It must also be considered that substantial pride is felt when one creates something unique to the world.  Artists feel it, parents feel it, teachers feel it.  The act of teaching, by nature, requires self-reflection.  We are our own worst critics, but due to that very personal and prideful process, we are sometimes prone to dismiss the valuable constructive criticism of a second set of eyes.  Without external intervention, this sense of autonomy developed as much in pride as with necessity to survive in the workplace.
    Today’s graduates, and even career-changing teachers as myself, are indoctrinated with a new approach to teaching.  From the earliest courses in University teaching programs, educators are reminded of standards, benchmarks and grade-level expectations.  However nebulous these terms seem at the time, how ever-changing they are, standardized teaching goals are a permanent fixture in the educational landscape.  Standards-based tests are also slowly becoming more appropriate for children and connect directly to material expected to be taught in every classroom.  For the system this is a positive thing, as it both caters to the desires of Gen X/Y workers to have clear direction, but also provides a common vernacular for all teachers, even those who resist a common language.
    Imagine the teachers who have spent years of their lives creating and improving lessons, learning what students can do, purchasing and making the tools they need for their students to be successful.  When they finally hit a comfortable stride, new rules are introduced to the game.  Standards?  Benchmarks?  What happens when these conflict with the content and lessons they’ve poured a career’s worth of heart and soul into?  Generally, because educators are a wise bunch, much of what they’ve always taught is generally consistent with the standards, newly dictated in many districts just since the millennium.  The change is smooth, but there are enough teachers who have units, or entire curricula, that are simply not in line with what the current conventional wisdom requires via State and Federal standards.  Who can blame these teachers for closing the door and continuing as before?  Certainly, the rationale I’ve heard can be justified that if they only have a few more years until retirement little harm can be done.  Right? 

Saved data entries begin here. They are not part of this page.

lemma damaged_centers_Node_right:
  assumes "A \<subseteq> {y. \<xi> < y i}"
  shows "damaged_centers k d e c (Node i \<xi> l r) A = damaged_centers k d e c r A"
proof -
  have "A \<inter> {y. y i \<le> \<xi>} = {}" "A \<inter> {y. \<xi> < y i} = A"
    using assms by auto
  then show ?thesis
    by (simp add: damaged_centers_def tree_damaged_in_Node)
qed

lemma damaged_centers_subset_tree_damaged:
  assumes "\<forall>i<k. c i \<in> X \<and> shift d e (c i) \<in> X \<and> shift d (-e) (c i) \<in> X"
  shows "damaged_centers k d e c t X \<subseteq> {i. i < k \<and> tree_damaged d e t (c i)}"
  using assms
  by (fastforce simp: damaged_centers_def tree_damaged_in_def tree_damaged_def leaf_cells_def
      damaged_in_def Fset_eq)

lemma potential_arith_small:
  fixes e s F D :: real and r :: nat
  assumes "0 \<le> e" "0 \<le> D" "0 \<le> F" "F \<le> s"
  shows "e * (r * F - (2 ^ r - 1) * s) \<le> (2 + e * r) * D"
proof -
  have "real r \<le> 2 ^ r - 1"
    using less_exp[of r] by (simp add: nat_less_real_le)
  then have "r * F \<le> (2 ^ r - 1) * s"
    using assms by (meson mult_mono of_nat_0_le_iff order.trans)
  then have "e * (r * F - (2 ^ r - 1) * s) \<le> 0"
    using assms(1) by (simp add: mult_nonneg_nonpos)
  also have "0 \<le> (2 + e * r) * D"
    using assms by simp
  finally show ?thesis .
qed

lemma potential_arith_step:
  fixes e s F FL FR C D DL DR :: real and r :: nat
  assumes "0 \<le> e" "0 \<le> s" "0 \<le> D"
    and cut: "e * F \<le> 2 * C" and split: "FL + FR + C = F" and damaged: "C + DL + DR \<le> D"
    and left: "e * (r * FL - (2 ^ r - 1) * s) \<le> (2 + e * r) * DL"
    and right: "e * (r * FR - (2 ^ r - 1) * s) \<le> (2 + e * r) * DR"
  shows "e * (Suc r * F - (2 ^ Suc r - 1) * s) \<le> (2 + e * Suc r) * D"
proof -
  have "e * (Suc r * F - (2 ^ Suc r - 1) * s)
      = e * (r * FL - (2 ^ r - 1) * s) + e * (r * FR - (2 ^ r - 1) * s) + e * r * C + e * F - e * s"
    by (simp flip: split add: algebra_simps)
  also have "\<dots> \<le> (2 + e * r) * DL + (2 + e * r) * DR + 2 * C + e * r * C"
    using left right cut mult_nonneg_nonneg[OF \<open>0 \<le> e\<close> \<open>0 \<le> s\<close>] by linarith
  also have "\<dots> = (2 + e * r) * (C + DL + DR)"
    by (simp add: algebra_simps)
  also have "\<dots> \<le> (2 + e * r) * D"
    using damaged assms(1) by (simp add: mult_left_mono)
  also have "\<dots> \<le> (2 + e * Suc r) * D"
    using assms(1,3) by (simp add: algebra_simps)
  finally show ?thesis .
qed

definition potential_bound ::
    "nat \<Rightarrow> nat \<Rightarrow> real \<Rightarrow> (nat \<Rightarrow> point) \<Rightarrow> real \<Rightarrow> ttree \<Rightarrow> point set \<Rightarrow> nat \<Rightarrow> bool" where
  "potential_bound k d e c s t A r \<longleftrightarrow>
     e * (real r * real (card (Fset k d e c A)) - (2 ^ r - 1) * s)
       \<le> (2 + e * real r) * real (card (damaged_centers k d e c t A))"

lemma potential_bound_0: "potential_bound k d e c s t A 0"
  by (simp add: potential_bound_def)

lemma potential_bound_small_cell:
  assumes "0 \<le> e" "real (card (Fset k d e c A)) \<le> s"
  shows "potential_bound k d e c s t A r"
  unfolding potential_bound_def using assms by (intro potential_arith_small) auto

lemma potential_bound_Node_left:
  assumes "A \<subseteq> {y. y i \<le> \<xi>}" "potential_bound k d e c s l A r"
  shows "potential_bound k d e c s (Node i \<xi> l rt) A r"
  using assms by (simp add: potential_bound_def damaged_centers_Node_left)
(* The $\mathcal{C}$-module $\mathfrak{n}$ is an ideal of $\widehat{\mathfrak{H}^{0}}$ with respect to both the harmonic product $\ast_\hbar$ and the shuffle product $\mathrm{sh}_\hbar$; that is, $\mathfrak n\ast_\hbar\widehat{\mathfrak H^0}\subset\mathfrak n$ and $\mathfrak n\,\mathrm{sh}_\hbar\,\widehat{\mathfrak H^0}\subset\mathfrak n$.
   Context: Let $\mathcal{C}=\mathbb{Q}[\hbar]$ ($\hbar$ formal), $\mathfrak{H}=\mathcal{C}\langle a,b\rangle$ the non-commutative polynomial ring. For $k\ge1$, $g_k=ba^k$. $A=\{\hbar b\}\cup\{ba^k\mid k\ge1\}$, $\mathcal{C}\langle A\rangle$ the $\mathcal{C}$-subalgebra generated by $1$ and $A$, $\mathfrak z$ the $\mathcal C$-span of $A$, $\widehat{\mathfrak H^0}=\mathcal C+\sum_{k\ge1}\mathcal C\langle A\rangle g_k$. Let $\mathfrak n_0$ be the $\mathcal C$-span of $(\hbar b)^{\alpha_1}g_{\beta_1+1}\cdots(\hbar b)^{\alpha_r}g_{\beta_r+1}$ with $r\ge1$, $\alpha_i,\beta_i\ge0$ and $\alpha_s\ge1,\beta_t\ge1$ for some $1\le s\le t\le r$; $\mathfrak n=\mathfrak n_0+\hbar\widehat{\mathfrak H^0}$. Harmonic product: $\circ_\hbar$ symmetric $\mathcal C$-bilinear on $\mathfrak z$ with $(\hbar b)\circ_\hbar(\hbar b)=\hbar\cdot\hbar b$, $(\hbar b)\circ_\hbar g_k=\hbar g_k$, $g_k\circ_\hbar g_l=g_{k+l}$; $\ast_\hbar$ on $\mathcal{C}\langle A\rangle$ is $\mathcal C$-bilinear with $w\ast_\hbar1=1\ast_\hbar w=w$, $(wu)\ast_\hbar(w'v)=(w\ast_\hbar w'v)u+(wu\ast_\hbar w')v+(w\ast_\hbar w')(u\circ_\hbar v)$ ($u,v\in A$). Shuffle product $\mathrm{sh}_\hbar$ on $\mathfrak H$: $\mathcal C$-bilinear with $w\,\mathrm{sh}_\hbar\,1=1\,\mathrm{sh}_\hbar\,w=w$, $wa\,\mathrm{sh}_\hbar\,w'a=(wa\,\mathrm{sh}_\hbar\,w'+w\,\mathrm{sh}_\hbar\,w'a+\hbar(w\,\mathrm{sh}_\hbar\,w'))a$, $wb\,\mathrm{sh}_\hbar\,w'=w\,\mathrm{sh}_\hbar\,w'b=(w\,\mathrm{sh}_\hbar\,w')b$. *)

theory Defs
  imports "HOL-Computational_Algebra.Polynomial"
begin

type_synonym C = "rat poly"

definition hbar :: C where "hbar = [:0, 1:]"

text \<open>Letters a, b; words; elements of the non-commutative polynomial ring
  C<a,b> are finitely supported maps word => C (finiteness holds for all
  elements actually considered: they are finite C-linear combinations).\<close>
datatype ab = La | Lb
type_synonym word = "ab list"
type_synonym 'w lin = "'w \<Rightarrow> C"
type_synonym H = "word lin"

definition supp :: "'w lin \<Rightarrow> 'w set" where
  "supp f = {w. f w \<noteq> 0}"

definition delta :: "'w \<Rightarrow> 'w lin" where
  "delta w = (\<lambda>v. if v = w then 1 else 0)"

definition smul :: "C \<Rightarrow> 'w lin \<Rightarrow> 'w lin" where
  "smul c f = (\<lambda>w. c * f w)"

inductive_set cspan :: "'w lin set \<Rightarrow> 'w lin set" for S where
  zero: "(\<lambda>_. 0) \<in> cspan S"
| step: "s \<in> S \<Longrightarrow> x \<in> cspan S \<Longrightarrow> (\<lambda>w. c * s w + x w) \<in> cspan S"

text \<open>Appending a letter on the right of every word of a linear combination.
  We work with reversed words, so this is prepending in the reversed word.\<close>
definition rcons :: "'l \<Rightarrow> 'l list lin \<Rightarrow> 'l list lin" where
  "rcons x f = (\<lambda>w. case w of [] \<Rightarrow> 0 | y # w' \<Rightarrow> if y = x then f w' else 0)"

text \<open>On reversed words: the head of the list is the last letter.\<close>
fun sh_rev :: "word \<Rightarrow> word \<Rightarrow> H" where
  "sh_rev [] v = delta v"
| "sh_rev (x # u) [] = delta (x # u)"
| "sh_rev (Lb # u) v = rcons Lb (sh_rev u v)"
| "sh_rev (La # u) (Lb # v) = rcons Lb (sh_rev (La # u) v)"
| "sh_rev (La # u) (La # v) =
     rcons La (\<lambda>w. sh_rev (La # u) v w + sh_rev u (La # v) w + hbar * sh_rev u v w)"

definition sh_word :: "word \<Rightarrow> word \<Rightarrow> H" where
  "sh_word u v = (\<lambda>w. sh_rev (rev u) (rev v) (rev w))"

definition shuffle :: "H \<Rightarrow> H \<Rightarrow> H" where
  "shuffle x y = (\<lambda>w. \<Sum>u\<in>supp x. \<Sum>v\<in>supp y. x u * y v * sh_word u v w)"

text \<open>Letter k :: nat of the alphabet A stands for hbar*b if k = 0 and for
  g_k = b a^k if k >= 1.  C<A> is free on A (the map below is injective),
  so the harmonic product is defined on A-words and transported.\<close>

definition circ_coeff :: "nat \<Rightarrow> nat \<Rightarrow> C" where
  "circ_coeff k l = (if k = 0 \<or> l = 0 then hbar else 1)"
  \<comment> \<open>z_k o z_l = circ_coeff k l * z_(k+l): (hb)o(hb)=hbar hb, (hb)o g_k = hbar g_k, g_k o g_l = g_(k+l)\<close>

    Consistent production has been commonplace in other industries, even helped to fuel the industrialization of our country vis-à-vis Henry Ford.  But learners aren’t widgets.  Each child requires a unique approach at specific and appropriate levels.  This philosophy has remained a strong enough argument for “autonomy” that standardization of content was delayed until educational reform movements beginning in the late 1980’s.  A decent argument supports the traditional education model of “isolation” that standardization is not in the best interest of the public, as not all students will be able to perform at the same level, simply based on their unique rate of development.   So it remains safe to say that standardization has not completely ripened, but at least its value has been acknowledged.  With those wheels in motion, I must wonder if the entire debate of standards could have been cut short or curtailed altogether had a culture of cohesion and teacher collaboration, sharing their wonderful and unique wins and losses in the classroom, been harbored as a true reform of education.

Professional?
Development

    Apparently, as educational theory has advanced with analysis of Vygotsky and constructivism, the way we teach teachers has only slightly progressed.  Upon entry to this personally rewarding field, I was surprised to learn that as recently as the current decade, teachers were herded into “stand and deliver” presentations, walked painstakingly page-by-page through binders of research, and otherwise handed piles of consultant-created material with the expectation that it would be implemented in facsimile throughout classrooms with glowing standardized test results as proof that the training was time, and money, well spent.  The current professional development, largely improved I’m told, is often a compilation of materials and resources gathered at a district office in response to surveys of teacher suggestions.  It’s closer to the mark based on audience interest, but still misses the engagement that really supports learning.  Teachers are charged and challenged to engage their students daily.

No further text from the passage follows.